The news hounds are losing their bite

A SUCCESSFUL British company announced its half year results last week. They were very good, ensuring that its many thousands of employees would continue to be employed and the thousands of customers that rely on their services to run their own businesses could rest easy in the knowledge that these services would continue to run efficiently and effectively. During the worst recession since the 1930s, you would be forgiven for thinking that this was a silver lining in a dark cloud, wouldn’t you?

Sadly, if you had read a newspaper or watched a television news bulletin, you wouldn’t. Why not? Well, the company in question was Barclays Bank and, as you should have learned by now from reading the papers or watching TV, banks are the new evil and this was not a good news story at all. Apparently, making a profit suddenly became another “scandal” about banker’s bonuses. Was it really? Well, no, but that’s what some journalists decided the story was, so that’s what we got.

This is not about defending banks. The banking crisis, the greed of bankers and the current recession have been discussed at length. This is however, about lazy, agenda-serving, press release journalism. Despite the fact that we have thousands of newspapers, rolling 24 hour news, the internet and millions of blogs, journalism is becoming so lazy, so clichéd and so predictable that it runs a risk of becoming at best ignorable, at worst, irrelevant. The once fine vocation of The Fourth Estate is rapidly turning into PR – and bad PR at that.

This summer you have heard, in nauseating detail, the daily sunbathing habits of a young British woman. This will be “Jordan taunts Peter” or “Jordan is at it again.” Stories based on rumour, where there is no actual evidence of said taunting or any clarity over what the offending “it” actually is.
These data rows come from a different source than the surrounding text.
lemma characteristic_abs_le_exp_two_phase:
  assumes sol: "is_global_solution a dta dxa"
    and even: "\<forall>t\<ge>0. \<forall>x\<in>{-pi..pi}. a t (-x) = a t x"
    and char: "characteristic a z0 z"
    and "0 \<le> T" "0 \<le> M" "0 \<le> L"
    and early: "\<And>t x. t \<in> {0..T} \<Longrightarrow> x \<in> {-pi..pi} \<Longrightarrow> \<bar>a t x\<bar> \<le> M"
    and late: "\<And>t x. T \<le> t \<Longrightarrow> x \<in> {-pi..pi} \<Longrightarrow> \<bar>a t x\<bar> \<le> L"
    and "0 \<le> t"
  shows "\<bar>z t\<bar> \<le> \<bar>z0\<bar> * exp (M * T + L * t)"
proof -
  have z0: "z 0 = z0" using char unfolding characteristic_def by simp
  have early_growth: "\<bar>z s\<bar> \<le> \<bar>z0\<bar> * exp (M * s)" if "s \<in> {0..T}" for s
    using characteristic_abs_le_exp_growth[OF sol even char, of 0 s M] that early z0 by simp
  show ?thesis
  proof (cases "t \<le> T")
    case True
    have "\<bar>z t\<bar> \<le> \<bar>z0\<bar> * exp (M * t)" using early_growth True \<open>0 \<le> t\<close> by simp
    also have "\<dots> \<le> \<bar>z0\<bar> * exp (M * T + L * t)"
    proof -
      have "M * t \<le> M * T + L * t"
        using True \<open>0 \<le> M\<close> mult_left_mono[of t T M] mult_nonneg_nonneg[OF \<open>0 \<le> L\<close> \<open>0 \<le> t\<close>]
        by linarith
      then show ?thesis by (simp add: mult_left_mono)
    qed
    finally show ?thesis .
  next
    case False
    have "\<bar>z t\<bar> \<le> \<bar>z T\<bar> * exp (L * (t - T))"
      using characteristic_abs_le_exp_growth[OF sol even char \<open>0 \<le> T\<close>, of t L] False late by simp
    also have "\<dots> \<le> \<bar>z0\<bar> * exp (M * T) * exp (L * (t - T))"
      using early_growth[of T] \<open>0 \<le> T\<close> by (intro mult_right_mono) auto
    also have "\<dots> = \<bar>z0\<bar> * exp (M * T + L * t - L * T)"
      by (simp add: mult.assoc exp_add[symmetric] right_diff_distrib)
    also have "\<dots> \<le> \<bar>z0\<bar> * exp (M * T + L * t)"
      using \<open>0 \<le> T\<close> \<open>0 \<le> L\<close> by (simp add: mult_left_mono)
    finally show ?thesis .
  qed
qed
Likewise, during lazy August you will read more “scandals” about how easy GCSEs and A-levels have become. In virtually the same breath we will hear the “scandal” of how schools are failing our children because they haven’t got the requisite five GCSE passes. It is the same story that has been churned out for decades now, with just the Daily Telegraph’s image of the “fruity young lady receiving her results” (as Private Eye describes it on an annual basis) being updated. Perhaps the truth is somewhat more banal. Some kids pass exams and some don’t. That’s the purpose of exams. The content isn’t really a “scandal” at all.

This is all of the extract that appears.